I recently watched Andrej Karpathy give a talk to a group of graduates going into software and AI fields. It reminded me of previous conversations I had with industry professionals about how and when to use newer AI/LLM technologies to build software systems.
Tech leaders often grapple with finding the right use cases for AI and frequently struggle to decide whether their teams should code, train a model, or prompt an LLM to accomplish a task.
In the video above, I lay out several heuristics for helping technical leaders think about when to use these various software/AI approaches effectively.
The Spectrum of Software
In this analysis, I examine the three stages of modern software development that Andrej outlines in his talk.
In the video, I explore Andrej’s definition of software 1.0, 2.0, and 3.0 and propose that a missing 1.5 may still be relevant.

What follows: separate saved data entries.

lemma integral_param_ball_mc_point_diff_le:
  fixes f :: "real ^ 'k::finite \<Rightarrow> real" and \<iota> :: "'k \<Rightarrow> nat" and m1 m2 \<rho> :: real
  assumes fin: "emeasure (param_space N) (param_ball N) < \<infinity>"
    and bounded: "\<And>v. \<bar>f v\<bar> \<le> B" and lip: "1-lipschitz_on UNIV f" and \<iota>: "\<forall>j. \<iota> j < N"
  shows "\<bar>(\<integral>y. indicator (param_ball N) y * f (restrict_to \<iota> (mc_point N m1 \<rho> y)) \<partial>param_space N)
          - (\<integral>y. indicator (param_ball N) y * f (restrict_to \<iota> (mc_point N m2 \<rho> y)) \<partial>param_space N)\<bar>
     \<le> (CARD('k) * \<bar>m1 - m2\<bar> + CARD('k) * \<bar>sqrt (\<rho> - m1\<^sup>2) - sqrt (\<rho> - m2\<^sup>2)\<bar>)
        * measure (param_space N) (param_ball N)"
proof -
  let ?P = "param_space N" and ?B = "param_ball N" and ?k = "real CARD('k)"
  let ?D = "\<bar>sqrt (\<rho> - m1\<^sup>2) - sqrt (\<rho> - m2\<^sup>2)\<bar>"
  let ?S = "\<lambda>y. indicator ?B y * (\<Sum>j\<in>UNIV. \<bar>hyp_dir N y (\<iota> j)\<bar>)"
  define F where "F m y = indicator ?B y * f (restrict_to \<iota> (mc_point N m \<rho> y))" for m y
  define G where "G y = ?k * \<bar>m1 - m2\<bar> * indicator ?B y + sqrt N * ?D * ?S y" for y
  have N: "N > 0"
    using \<iota> by (metis gr0I not_less0)
  have "f \<in> borel_measurable borel"
    using lipschitz_on_continuous_on[OF lip] by (rule borel_measurable_continuous_onI)
  from measurable_comp[OF restrict_to_mc_point_measurable this]
  have int_F: "integrable ?P (F m)" for m
    unfolding F_def using bounded
    by (intro integrable_param_ball_bounded[OF fin, where c=B]) (auto simp: o_def)
  have int_ind: "integrable ?P (indicator ?B :: _ \<Rightarrow> real)"
    using fin by (intro integrable_real_indicator) auto
  note S = integral_param_ball_sum_abs_hyp_dir_le[OF fin \<iota>]
  have FG: "\<bar>F m1 y - F m2 y\<bar> \<le> G y" for y
    using f_restrict_to_mc_point_diff_le[OF lip \<iota>, of m1 \<rho> y m2]
    by (cases "y \<in> ?B") (simp_all add: F_def G_def)
  have "\<bar>(\<integral>y. F m1 y \<partial>?P) - (\<integral>y. F m2 y \<partial>?P)\<bar> \<le> (\<integral>y. \<bar>F m1 y - F m2 y\<bar> \<partial>?P)"
    using integral_norm_bound[of ?P "\<lambda>y. F m1 y - F m2 y"] int_F by simp
  also have "\<dots> \<le> (\<integral>y. G y \<partial>?P)"
    unfolding G_def using FG int_F int_ind S(1) by (intro integral_mono) (auto simp: G_def)
  also have "\<dots> = ?k * \<bar>m1 - m2\<bar> * measure ?P ?B + sqrt N * ?D * (\<integral>y. ?S y \<partial>?P)"
    unfolding G_def using int_ind S(1) by (simp add: integral_indicator_param_ball)
  also have "\<dots> \<le> ?k * \<bar>m1 - m2\<bar> * measure ?P ?B + sqrt N * ?D * (?k * measure ?P ?B / sqrt N)"
    using S(2) by (intro add_left_mono mult_left_mono) auto
  also have "\<dots> = (?k * \<bar>m1 - m2\<bar> + ?k * ?D) * measure ?P ?B"
    using N by (simp add: field_simps)
  finally show ?thesis
    unfolding F_def .
qed

text \<open>Junk values: \<open>measure\<close> is \<open>0\<close> on sets of infinite measure, so both expectations
  vanish unless the ball has finite positive measure.\<close>
lemma mc_expect_lipschitz:
  fixes f :: "real ^ 'k::finite \<Rightarrow> real" and \<iota> :: "'k \<Rightarrow> nat" and m1 m2 \<rho> :: real
  assumes "\<And>v. \<bar>f v\<bar> \<le> B" and "1-lipschitz_on UNIV f" and "\<forall>j. \<iota> j < N"
  shows "\<bar>mc_expect N m1 \<rho> (f \<circ> restrict_to \<iota>) - mc_expect N m2 \<rho> (f \<circ> restrict_to \<iota>)\<bar>
     \<le> CARD('k) * \<bar>m1 - m2\<bar> + CARD('k) * \<bar>sqrt (\<rho> - m1\<^sup>2) - sqrt (\<rho> - m2\<^sup>2)\<bar>"
proof (cases "measure (param_space N) (param_ball N) = 0")
  case True
  then show ?thesis by (simp add: mc_expect_def)
next
  case False
  then have fin: "emeasure (param_space N) (param_ball N) < \<infinity>"
    using measure_zero_top by (metis infinity_ennreal_def less_top)
  have pos: "measure (param_space N) (param_ball N) > 0"
    using False by (simp add: zero_less_measure_iff)
  from integral_param_ball_mc_point_diff_le[OF fin assms, of m1 \<rho> m2] pos show ?thesis
    unfolding mc_expect_def set_lebesgue_integral_def
    by (simp add: abs_divide pos_divide_le_eq flip: diff_divide_distrib)
qed

lemma continuous_on_mc_expect:
  fixes f :: "real ^ 'k::finite \<Rightarrow> real" and \<iota> :: "'k \<Rightarrow> nat" and \<rho> :: real
  assumes "\<And>v. \<bar>f v\<bar> \<le> B" and "1-lipschitz_on UNIV f" and "\<forall>j. \<iota> j < N"
  shows "continuous_on UNIV (\<lambda>m. mc_expect N m \<rho> (f \<circ> restrict_to \<iota>))"
proof (rule continuous_at_imp_continuous_on, intro ballI)
  fix m2 :: real
  let ?g = "\<lambda>m. mc_expect N m \<rho> (f \<circ> restrict_to \<iota>)" and ?k = "real CARD('k)"
  let ?bound = "\<lambda>m1. ?k * \<bar>m1 - m2\<bar> + ?k * \<bar>sqrt (\<rho> - m1\<^sup>2) - sqrt (\<rho> - m2\<^sup>2)\<bar>"
  have "(?bound \<longlongrightarrow> ?bound m2) (at m2)"
    by (intro tendsto_intros)
  then have lim: "(?bound \<longlongrightarrow> 0) (at m2)"
    by simp
  have "norm (?g m1 - ?g m2) \<le> ?bound m1" for m1
    using mc_expect_lipschitz[OF assms, of m1 \<rho> m2] by simp
  then have "((\<lambda>m1. ?g m1 - ?g m2) \<longlongrightarrow> 0) (at m2)"
    by (intro Lim_null_comparison[OF always_eventually lim] allI)
  then show "isCont ?g m2"
    unfolding isCont_def by (simp add: LIM_zero_iff)
qed

lemma abs_sq_diff_le:
  fixes x y r :: real
  assumes "\<bar>x\<bar> \<le> r" and "\<bar>y\<bar> \<le> r"
  shows "\<bar>x\<^sup>2 - y\<^sup>2\<bar> \<le> 2 * r * \<bar>x - y\<bar>"
proof -
  have "\<bar>x\<^sup>2 - y\<^sup>2\<bar> = \<bar>x - y\<bar> * \<bar>x + y\<bar>"
    by (simp add: power2_eq_square abs_mult[symmetric] algebra_simps)
  also have "\<dots> \<le> \<bar>x - y\<bar> * (2 * r)"
    using assms by (intro mult_left_mono) auto
  finally show ?thesis
    by (simp add: ac_simps)
qed

lemma abs_sqrt_diff_le:
  fixes p q :: real
  assumes "p \<ge> 0" and "q > 0"
  shows "\<bar>sqrt p - sqrt q\<bar> \<le> \<bar>p - q\<bar> / sqrt q"
proof -
  have "(sqrt p - sqrt q) * (sqrt p + sqrt q) = p - q"
    using assms by (simp add: algebra_simps)
  then have "\<bar>p - q\<bar> = \<bar>sqrt p - sqrt q\<bar> * (sqrt p + sqrt q)"
    using assms by (metis abs_mult abs_of_nonneg add_nonneg_nonneg real_sqrt_ge_zero less_imp_le)
  also have "\<dots> \<ge> \<bar>sqrt p - sqrt q\<bar> * sqrt q"
    using assms by (intro mult_left_mono) auto
  finally show ?thesis
    using assms by (simp add: pos_le_divide_eq)
qed

lemma mc_expect_dist_le:
  fixes f :: "real ^ 'k::finite \<Rightarrow> real" and \<iota> :: "'k \<Rightarrow> nat" and \<rho> m x :: real
  assumes "\<And>v. \<bar>f v\<bar> \<le> B" and "1-lipschitz_on UNIV f" and "\<forall>j. \<iota> j < N"
    and m: "\<rho> - m\<^sup>2 > 0" "\<bar>m\<bar> \<le> sqrt \<rho>" and x: "\<bar>x\<bar> \<le> sqrt \<rho>"
  shows "\<bar>mc_expect N x \<rho> (f \<circ> restrict_to \<iota>) - mc_expect N m \<rho> (f \<circ> restrict_to \<iota>)\<bar>
     \<le> CARD('k) * (1 + 2 * sqrt \<rho> / sqrt (\<rho> - m\<^sup>2)) * \<bar>x - m\<bar>"
proof -
  have "0 \<le> \<rho>"
    using m(1) zero_le_power2[of m] by linarith
  then have "x\<^sup>2 \<le> \<rho>"
    using power_mono[OF x abs_ge_zero, of 2] by simp
  have diff: "\<bar>(\<rho> - x\<^sup>2) - (\<rho> - m\<^sup>2)\<bar> \<le> 2 * sqrt \<rho> * \<bar>x - m\<bar>"
    using abs_sq_diff_le[OF x m(2)] by (simp add: abs_minus_commute)
  have "\<bar>sqrt (\<rho> - x\<^sup>2) - sqrt (\<rho> - m\<^sup>2)\<bar> \<le> \<bar>(\<rho> - x\<^sup>2) - (\<rho> - m\<^sup>2)\<bar> / sqrt (\<rho> - m\<^sup>2)"
    using \<open>x\<^sup>2 \<le> \<rho>\<close> m(1) by (intro abs_sqrt_diff_le) simp_all
  also have "\<dots> \<le> 2 * sqrt \<rho> * \<bar>x - m\<bar> / sqrt (\<rho> - m\<^sup>2)"
    using m(1) by (intro divide_right_mono[OF diff]) simp
  also have "\<dots> = 2 * sqrt \<rho> / sqrt (\<rho> - m\<^sup>2) * \<bar>x - m\<bar>"
    by simp
  finally have "\<bar>sqrt (\<rho> - x\<^sup>2) - sqrt (\<rho> - m\<^sup>2)\<bar> \<le> 2 * sqrt \<rho> / sqrt (\<rho> - m\<^sup>2) * \<bar>x - m\<bar>" .
  then have "CARD('k) * \<bar>sqrt (\<rho> - x\<^sup>2) - sqrt (\<rho> - m\<^sup>2)\<bar>
      \<le> CARD('k) * (2 * sqrt \<rho> / sqrt (\<rho> - m\<^sup>2) * \<bar>x - m\<bar>)"
    by (rule mult_left_mono) simp
  with mc_expect_lipschitz[OF assms(1-3), of x \<rho> m] show ?thesis
    by (simp add: algebra_simps)
qed

section \<open>Weighted averages on an interval\<close>

lemma integral_abs_gaussian_moment_le:
  fixes c x0 lo hi :: real
  assumes c: "c > 0" and "lo \<le> x0" and "x0 \<le> hi"
  shows "integral {lo..hi} (\<lambda>x. \<bar>x - x0\<bar> * exp (- c * (x - x0)\<^sup>2)) \<le> 1 / c"
proof -
  let ?g = "\<lambda>x. \<bar>x - x0\<bar> * exp (- c * (x - x0)\<^sup>2)"
  let ?G = "\<lambda>x. exp (- c * (x - x0)\<^sup>2) / (2 * c)"
  have ftc: "(g has_integral (G b - G a)) {a..b}"
    if "a \<le> b" and "\<And>x. (G has_real_derivative g x) (at x)" for G g :: "real \<Rightarrow> real" and a b
    using that by (intro fundamental_theorem_of_calculus)
      (auto simp: has_real_derivative_iff_has_vector_derivative[symmetric] intro: has_field_derivative_at_within)
  have "((\<lambda>x. - ?G x) has_real_derivative (x - x0) * exp (- c * (x - x0)\<^sup>2)) (at x)" for x
    using c by (auto intro!: derivative_eq_intros simp: field_simps power2_eq_square)
  from ftc[OF \<open>x0 \<le> hi\<close> this] have right: "integral {x0..hi} ?g = ?G x0 - ?G hi"
    by (subst integral_cong[where g = "\<lambda>x. (x - x0) * exp (- c * (x - x0)\<^sup>2)"])
      (auto dest: integral_unique)
  have "(?G has_real_derivative (x0 - x) * exp (- c * (x - x0)\<^sup>2)) (at x)" for x
    using c by (auto intro!: derivative_eq_intros simp: field_simps power2_eq_square)
  from ftc[OF \<open>lo \<le> x0\<close> this] have left: "integral {lo..x0} ?g = ?G x0 - ?G lo"
    by (subst integral_cong[where g = "\<lambda>x. (x0 - x) * exp (- c * (x - x0)\<^sup>2)"])
      (auto dest: integral_unique)
  have "integral {lo..hi} ?g = integral {lo..x0} ?g + integral {x0..hi} ?g"
    using assms by (intro Henstock_Kurzweil_Integration.integral_combine[symmetric]
        integrable_continuous_interval continuous_intros) auto
  also have "\<dots> \<le> 1 / c"
    unfolding left right using c by (simp add: field_simps add_pos_pos)
  finally show ?thesis .
qed

lemma integral_ge_of_lower_bound_near:
  fixes w :: "real \<Rightarrow> real"
  assumes w: "continuous_on {a..b} w" "\<And>x. x \<in> {a..b} \<Longrightarrow> 0 \<le> w x"
    and sub: "{c - h..c + h} \<subseteq> {a..b}" and "h \<ge> 0"
    and lower: "\<And>x. x \<in> {c - h..c + h} \<Longrightarrow> v \<le> w x"
  shows "2 * h * v \<le> integral {a..b} w"
proof -
  have int: "w integrable_on {c - h..c + h}"
    using continuous_on_subset[OF w(1) sub] by (rule integrable_continuous_interval)
  have "2 * h * v = integral {c - h..c + h} (\<lambda>_. v)"
    using \<open>h \<ge> 0\<close> by simp
  also have "\<dots> \<le> integral {c - h..c + h} w"
    using int lower by (intro integral_le) auto
  also have "\<dots> \<le> integral {a..b} w"
    using w by (intro integral_subset_le[OF sub int] integrable_continuous_interval) auto
  finally show ?thesis .
qed

lemma weighted_average_dist_le:
  fixes w g :: "real \<Rightarrow> real"
  assumes w: "continuous_on {a..b} w" "\<And>x. x \<in> {a..b} \<Longrightarrow> 0 \<le> w x"
    and g: "continuous_on {a..b} g" "\<And>x. x \<in> {a..b} \<Longrightarrow> \<bar>g x - g c\<bar> \<le> L * \<bar>x - c\<bar>"
    and pos: "integral {a..b} w > 0"
  shows "\<bar>integral {a..b} (\<lambda>x. w x * g x) / integral {a..b} w - g c\<bar>
           \<le> L * integral {a..b} (\<lambda>x. w x * \<bar>x - c\<bar>) / integral {a..b} w"
proof -
  let ?W = "integral {a..b} w"
  have "integral {a..b} (\<lambda>x. w x * (g x - g c)) = integral {a..b} (\<lambda>x. w x * g x) - ?W * g c"
    using w g by (simp add: right_diff_distrib integral_diff integrable_continuous_interval continuous_intros)
  then have "integral {a..b} (\<lambda>x. w x * g x) / ?W - g c = integral {a..b} (\<lambda>x. w x * (g x - g c)) / ?W"
    using pos by (simp add: field_simps)
  moreover have "norm (integral {a..b} (\<lambda>x. w x * (g x - g c))) \<le> integral {a..b} (\<lambda>x. L * (w x * \<bar>x - c\<bar>))"
  proof (rule Henstock_Kurzweil_Integration.integral_norm_bound_integral)
    fix x assume x: "x \<in> {a..b}"
    have "norm (w x * (g x - g c)) = w x * \<bar>g x - g c\<bar>"
      using w(2)[OF x] by (simp add: abs_mult)
    also have "\<dots> \<le> w x * (L * \<bar>x - c\<bar>)"
      using w(2)[OF x] g(2)[OF x] by (rule mult_left_mono[rotated])
    finally show "norm (w x * (g x - g c)) \<le> L * (w x * \<bar>x - c\<bar>)"
      by (simp add: ac_simps)
  qed (use w g in \<open>intro integrable_continuous_interval continuous_intros; simp\<close>)+
  ultimately show ?thesis
    using pos by (simp add: abs_divide divide_right_mono)
qed

lemma can_weight_nonneg: "can_weight N \<mu> \<rho> x \<ge> 0"
  unfolding can_weight_def by simp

I connect these stages to measurable metrics of determinism, certainty, and explainability to help technical leaders evaluate which approach is right for their specific problems.
Software 1.0 – Code
- High determinism: Same inputs always yield the same outputs
- High certainty: You know exactly what the system will do
- High explainability: Every decision is traceable
- When to use it:
- Regulatory compliance (e.g. taxes, finance)
- Safety-critical systems (e.g. aviation, medical devices)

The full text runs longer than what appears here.